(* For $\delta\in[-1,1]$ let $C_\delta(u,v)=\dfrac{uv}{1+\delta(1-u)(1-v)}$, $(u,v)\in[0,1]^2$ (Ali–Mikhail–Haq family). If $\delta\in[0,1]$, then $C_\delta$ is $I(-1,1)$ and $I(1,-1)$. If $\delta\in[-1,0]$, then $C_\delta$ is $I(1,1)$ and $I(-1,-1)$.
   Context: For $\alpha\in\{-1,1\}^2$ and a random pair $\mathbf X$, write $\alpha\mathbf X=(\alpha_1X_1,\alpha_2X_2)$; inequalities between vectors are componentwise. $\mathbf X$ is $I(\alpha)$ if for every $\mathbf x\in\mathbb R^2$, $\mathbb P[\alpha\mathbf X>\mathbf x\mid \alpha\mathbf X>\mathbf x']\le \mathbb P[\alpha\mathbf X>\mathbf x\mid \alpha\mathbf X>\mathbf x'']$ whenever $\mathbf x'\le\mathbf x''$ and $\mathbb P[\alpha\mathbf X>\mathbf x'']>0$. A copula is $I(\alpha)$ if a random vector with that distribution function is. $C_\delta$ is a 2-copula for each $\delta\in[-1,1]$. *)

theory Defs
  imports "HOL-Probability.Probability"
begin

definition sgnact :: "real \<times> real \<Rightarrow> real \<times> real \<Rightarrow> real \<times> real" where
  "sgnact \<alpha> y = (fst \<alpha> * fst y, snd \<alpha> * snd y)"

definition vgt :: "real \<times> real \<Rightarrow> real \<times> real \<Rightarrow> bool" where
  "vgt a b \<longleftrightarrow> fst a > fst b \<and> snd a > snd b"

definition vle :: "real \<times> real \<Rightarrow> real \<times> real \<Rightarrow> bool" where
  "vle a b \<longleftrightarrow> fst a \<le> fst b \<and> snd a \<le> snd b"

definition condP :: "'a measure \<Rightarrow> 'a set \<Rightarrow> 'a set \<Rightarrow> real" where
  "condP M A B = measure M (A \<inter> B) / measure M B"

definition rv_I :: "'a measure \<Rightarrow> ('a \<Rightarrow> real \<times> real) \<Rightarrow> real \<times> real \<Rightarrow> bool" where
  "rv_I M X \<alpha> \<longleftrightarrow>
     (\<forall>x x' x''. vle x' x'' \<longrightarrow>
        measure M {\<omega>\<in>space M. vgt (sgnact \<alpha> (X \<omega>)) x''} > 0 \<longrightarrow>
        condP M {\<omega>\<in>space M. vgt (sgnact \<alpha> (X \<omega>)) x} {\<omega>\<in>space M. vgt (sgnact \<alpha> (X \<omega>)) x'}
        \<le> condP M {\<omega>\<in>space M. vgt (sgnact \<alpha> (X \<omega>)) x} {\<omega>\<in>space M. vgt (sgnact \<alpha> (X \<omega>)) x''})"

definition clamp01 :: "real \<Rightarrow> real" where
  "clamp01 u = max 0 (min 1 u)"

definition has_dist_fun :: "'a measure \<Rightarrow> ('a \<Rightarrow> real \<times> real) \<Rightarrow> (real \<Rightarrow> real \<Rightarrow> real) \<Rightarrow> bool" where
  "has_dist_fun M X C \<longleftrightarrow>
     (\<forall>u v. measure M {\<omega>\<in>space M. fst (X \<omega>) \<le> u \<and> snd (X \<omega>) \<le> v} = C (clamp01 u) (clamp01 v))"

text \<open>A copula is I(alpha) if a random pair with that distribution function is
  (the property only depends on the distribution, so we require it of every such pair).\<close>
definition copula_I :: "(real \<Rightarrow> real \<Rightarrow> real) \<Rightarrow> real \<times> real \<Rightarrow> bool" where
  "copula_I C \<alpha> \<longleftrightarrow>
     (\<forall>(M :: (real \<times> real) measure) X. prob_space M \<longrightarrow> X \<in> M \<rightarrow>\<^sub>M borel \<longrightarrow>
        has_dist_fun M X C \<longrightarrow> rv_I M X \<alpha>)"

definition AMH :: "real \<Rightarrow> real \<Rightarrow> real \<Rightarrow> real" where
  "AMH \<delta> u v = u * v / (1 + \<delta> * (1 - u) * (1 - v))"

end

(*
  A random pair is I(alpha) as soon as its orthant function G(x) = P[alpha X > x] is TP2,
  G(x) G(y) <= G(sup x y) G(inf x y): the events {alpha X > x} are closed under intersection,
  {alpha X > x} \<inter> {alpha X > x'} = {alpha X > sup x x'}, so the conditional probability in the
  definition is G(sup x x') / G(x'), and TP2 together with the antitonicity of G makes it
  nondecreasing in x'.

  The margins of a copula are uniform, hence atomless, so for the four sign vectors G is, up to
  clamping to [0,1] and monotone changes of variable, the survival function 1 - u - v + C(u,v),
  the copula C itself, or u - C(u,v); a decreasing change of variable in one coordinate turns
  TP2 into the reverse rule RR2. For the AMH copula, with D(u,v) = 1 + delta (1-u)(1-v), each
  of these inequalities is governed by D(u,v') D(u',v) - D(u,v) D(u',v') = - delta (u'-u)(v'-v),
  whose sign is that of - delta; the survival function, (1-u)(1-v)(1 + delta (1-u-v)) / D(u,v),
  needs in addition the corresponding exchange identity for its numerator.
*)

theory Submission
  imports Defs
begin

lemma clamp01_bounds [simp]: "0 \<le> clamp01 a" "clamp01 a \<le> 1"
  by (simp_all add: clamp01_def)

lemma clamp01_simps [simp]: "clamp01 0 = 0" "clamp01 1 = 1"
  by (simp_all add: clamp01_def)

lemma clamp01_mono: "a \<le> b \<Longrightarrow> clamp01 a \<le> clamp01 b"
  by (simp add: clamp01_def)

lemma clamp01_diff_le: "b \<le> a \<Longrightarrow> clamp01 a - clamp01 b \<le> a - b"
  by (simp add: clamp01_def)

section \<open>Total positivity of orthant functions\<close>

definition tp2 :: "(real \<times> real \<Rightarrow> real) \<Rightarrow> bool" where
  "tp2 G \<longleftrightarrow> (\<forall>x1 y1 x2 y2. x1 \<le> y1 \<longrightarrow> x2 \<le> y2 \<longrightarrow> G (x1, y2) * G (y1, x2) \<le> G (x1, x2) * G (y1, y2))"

---

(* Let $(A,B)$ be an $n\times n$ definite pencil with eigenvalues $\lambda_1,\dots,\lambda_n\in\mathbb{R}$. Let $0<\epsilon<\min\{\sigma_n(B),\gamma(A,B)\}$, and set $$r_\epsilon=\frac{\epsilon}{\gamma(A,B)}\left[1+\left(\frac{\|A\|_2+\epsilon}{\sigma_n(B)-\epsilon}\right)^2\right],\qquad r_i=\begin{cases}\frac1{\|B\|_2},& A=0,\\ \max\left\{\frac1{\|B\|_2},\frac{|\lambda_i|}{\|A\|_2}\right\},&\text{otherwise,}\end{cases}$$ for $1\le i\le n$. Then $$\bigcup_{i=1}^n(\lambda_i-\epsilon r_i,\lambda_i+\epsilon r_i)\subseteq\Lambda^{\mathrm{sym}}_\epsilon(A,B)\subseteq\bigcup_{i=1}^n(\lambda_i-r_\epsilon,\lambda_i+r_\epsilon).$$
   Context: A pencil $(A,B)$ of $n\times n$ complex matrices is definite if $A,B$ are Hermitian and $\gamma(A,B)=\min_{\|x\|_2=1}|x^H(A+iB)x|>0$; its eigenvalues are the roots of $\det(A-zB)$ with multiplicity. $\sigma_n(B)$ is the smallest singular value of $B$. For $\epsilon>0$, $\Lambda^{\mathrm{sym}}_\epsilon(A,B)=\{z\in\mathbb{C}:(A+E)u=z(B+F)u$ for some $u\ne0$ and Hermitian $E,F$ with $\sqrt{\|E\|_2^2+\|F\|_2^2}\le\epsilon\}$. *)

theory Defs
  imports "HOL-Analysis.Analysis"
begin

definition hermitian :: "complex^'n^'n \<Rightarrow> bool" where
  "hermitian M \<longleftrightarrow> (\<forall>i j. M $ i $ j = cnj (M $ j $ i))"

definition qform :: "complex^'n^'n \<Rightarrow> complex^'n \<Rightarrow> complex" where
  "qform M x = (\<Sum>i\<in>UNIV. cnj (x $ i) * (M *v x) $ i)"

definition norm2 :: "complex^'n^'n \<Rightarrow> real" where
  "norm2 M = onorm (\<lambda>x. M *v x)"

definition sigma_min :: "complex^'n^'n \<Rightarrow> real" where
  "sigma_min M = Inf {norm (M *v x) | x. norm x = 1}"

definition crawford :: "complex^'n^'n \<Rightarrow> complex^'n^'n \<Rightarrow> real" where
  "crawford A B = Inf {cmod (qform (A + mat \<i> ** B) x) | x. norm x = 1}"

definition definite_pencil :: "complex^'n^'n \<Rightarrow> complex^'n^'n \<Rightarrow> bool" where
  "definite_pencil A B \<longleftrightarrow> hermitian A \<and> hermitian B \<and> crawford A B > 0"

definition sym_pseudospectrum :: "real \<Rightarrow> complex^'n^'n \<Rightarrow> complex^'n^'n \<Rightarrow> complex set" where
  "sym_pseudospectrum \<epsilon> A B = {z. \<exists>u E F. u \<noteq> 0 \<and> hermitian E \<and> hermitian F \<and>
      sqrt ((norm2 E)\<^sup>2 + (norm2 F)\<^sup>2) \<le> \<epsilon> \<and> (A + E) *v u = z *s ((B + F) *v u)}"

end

---

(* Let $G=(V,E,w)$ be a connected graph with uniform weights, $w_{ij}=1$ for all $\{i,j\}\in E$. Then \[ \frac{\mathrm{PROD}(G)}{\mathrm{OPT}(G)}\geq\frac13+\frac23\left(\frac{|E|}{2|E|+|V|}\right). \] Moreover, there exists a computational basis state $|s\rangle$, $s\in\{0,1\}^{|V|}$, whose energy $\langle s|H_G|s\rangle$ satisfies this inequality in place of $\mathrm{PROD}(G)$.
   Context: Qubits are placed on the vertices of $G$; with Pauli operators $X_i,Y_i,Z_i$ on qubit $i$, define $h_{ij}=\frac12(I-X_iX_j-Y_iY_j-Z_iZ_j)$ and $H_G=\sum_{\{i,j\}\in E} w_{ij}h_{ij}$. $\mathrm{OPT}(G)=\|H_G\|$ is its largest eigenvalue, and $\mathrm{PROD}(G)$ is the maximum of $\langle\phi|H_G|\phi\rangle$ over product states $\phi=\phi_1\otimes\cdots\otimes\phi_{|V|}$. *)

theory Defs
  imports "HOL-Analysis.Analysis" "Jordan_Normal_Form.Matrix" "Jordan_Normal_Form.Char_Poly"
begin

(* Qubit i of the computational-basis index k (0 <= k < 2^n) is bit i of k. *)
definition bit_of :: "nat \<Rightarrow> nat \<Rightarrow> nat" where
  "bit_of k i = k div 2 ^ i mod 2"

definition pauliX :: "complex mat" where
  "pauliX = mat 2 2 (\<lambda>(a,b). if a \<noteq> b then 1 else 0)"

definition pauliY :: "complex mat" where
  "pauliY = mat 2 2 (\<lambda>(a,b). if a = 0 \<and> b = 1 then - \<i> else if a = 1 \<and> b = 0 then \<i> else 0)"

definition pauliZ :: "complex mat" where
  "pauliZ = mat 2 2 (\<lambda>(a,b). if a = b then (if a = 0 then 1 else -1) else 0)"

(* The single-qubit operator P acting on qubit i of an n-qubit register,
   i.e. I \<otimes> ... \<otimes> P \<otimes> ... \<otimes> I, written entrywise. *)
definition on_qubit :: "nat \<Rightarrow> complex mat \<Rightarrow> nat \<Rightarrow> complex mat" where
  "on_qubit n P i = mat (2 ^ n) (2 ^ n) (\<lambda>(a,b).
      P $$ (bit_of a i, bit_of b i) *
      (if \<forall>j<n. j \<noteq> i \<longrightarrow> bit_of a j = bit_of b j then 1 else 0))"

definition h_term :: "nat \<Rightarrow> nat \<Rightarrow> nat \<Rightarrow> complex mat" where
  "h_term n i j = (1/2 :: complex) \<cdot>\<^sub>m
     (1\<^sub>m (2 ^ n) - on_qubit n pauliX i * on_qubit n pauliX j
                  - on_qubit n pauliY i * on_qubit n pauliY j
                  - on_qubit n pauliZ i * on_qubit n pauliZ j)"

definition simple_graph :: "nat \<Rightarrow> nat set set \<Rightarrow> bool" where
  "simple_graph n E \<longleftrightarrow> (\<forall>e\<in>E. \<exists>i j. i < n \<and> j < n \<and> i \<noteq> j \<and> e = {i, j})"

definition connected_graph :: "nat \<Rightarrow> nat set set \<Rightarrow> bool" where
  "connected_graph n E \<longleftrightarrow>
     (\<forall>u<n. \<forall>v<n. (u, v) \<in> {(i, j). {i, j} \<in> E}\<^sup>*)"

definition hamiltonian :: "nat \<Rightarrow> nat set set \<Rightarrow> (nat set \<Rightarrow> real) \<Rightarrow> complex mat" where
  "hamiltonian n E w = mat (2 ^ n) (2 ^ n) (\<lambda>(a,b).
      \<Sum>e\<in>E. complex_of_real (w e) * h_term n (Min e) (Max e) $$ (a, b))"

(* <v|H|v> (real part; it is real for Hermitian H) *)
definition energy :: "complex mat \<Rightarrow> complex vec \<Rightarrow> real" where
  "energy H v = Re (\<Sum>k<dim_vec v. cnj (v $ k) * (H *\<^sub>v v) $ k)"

---

> **ABOUT THIS EXERCISE**
Your answer should be the lines above from the one containing "(\<forall>x x' x''." through the one containing "(the property only", copied exactly and with both ends kept.

> **RESPONSE TO THIS EXERCISE**
     (\<forall>x x' x''. vle x' x'' \<longrightarrow>
        measure M {\<omega>\<in>space M. vgt (sgnact \<alpha> (X \<omega>)) x''} > 0 \<longrightarrow>
        condP M {\<omega>\<in>space M. vgt (sgnact \<alpha> (X \<omega>)) x} {\<omega>\<in>space M. vgt (sgnact \<alpha> (X \<omega>)) x'}
        \<le> condP M {\<omega>\<in>space M. vgt (sgnact \<alpha> (X \<omega>)) x} {\<omega>\<in>space M. vgt (sgnact \<alpha> (X \<omega>)) x''})"

definition clamp01 :: "real \<Rightarrow> real" where
  "clamp01 u = max 0 (min 1 u)"

definition has_dist_fun :: "'a measure \<Rightarrow> ('a \<Rightarrow> real \<times> real) \<Rightarrow> (real \<Rightarrow> real \<Rightarrow> real) \<Rightarrow> bool" where
  "has_dist_fun M X C \<longleftrightarrow>
     (\<forall>u v. measure M {\<omega>\<in>space M. fst (X \<omega>) \<le> u \<and> snd (X \<omega>) \<le> v} = C (clamp01 u) (clamp01 v))"

text \<open>A copula is I(alpha) if a random pair with that distribution function is
  (the property only depends on the distribution, so we require it of every such pair).\<close>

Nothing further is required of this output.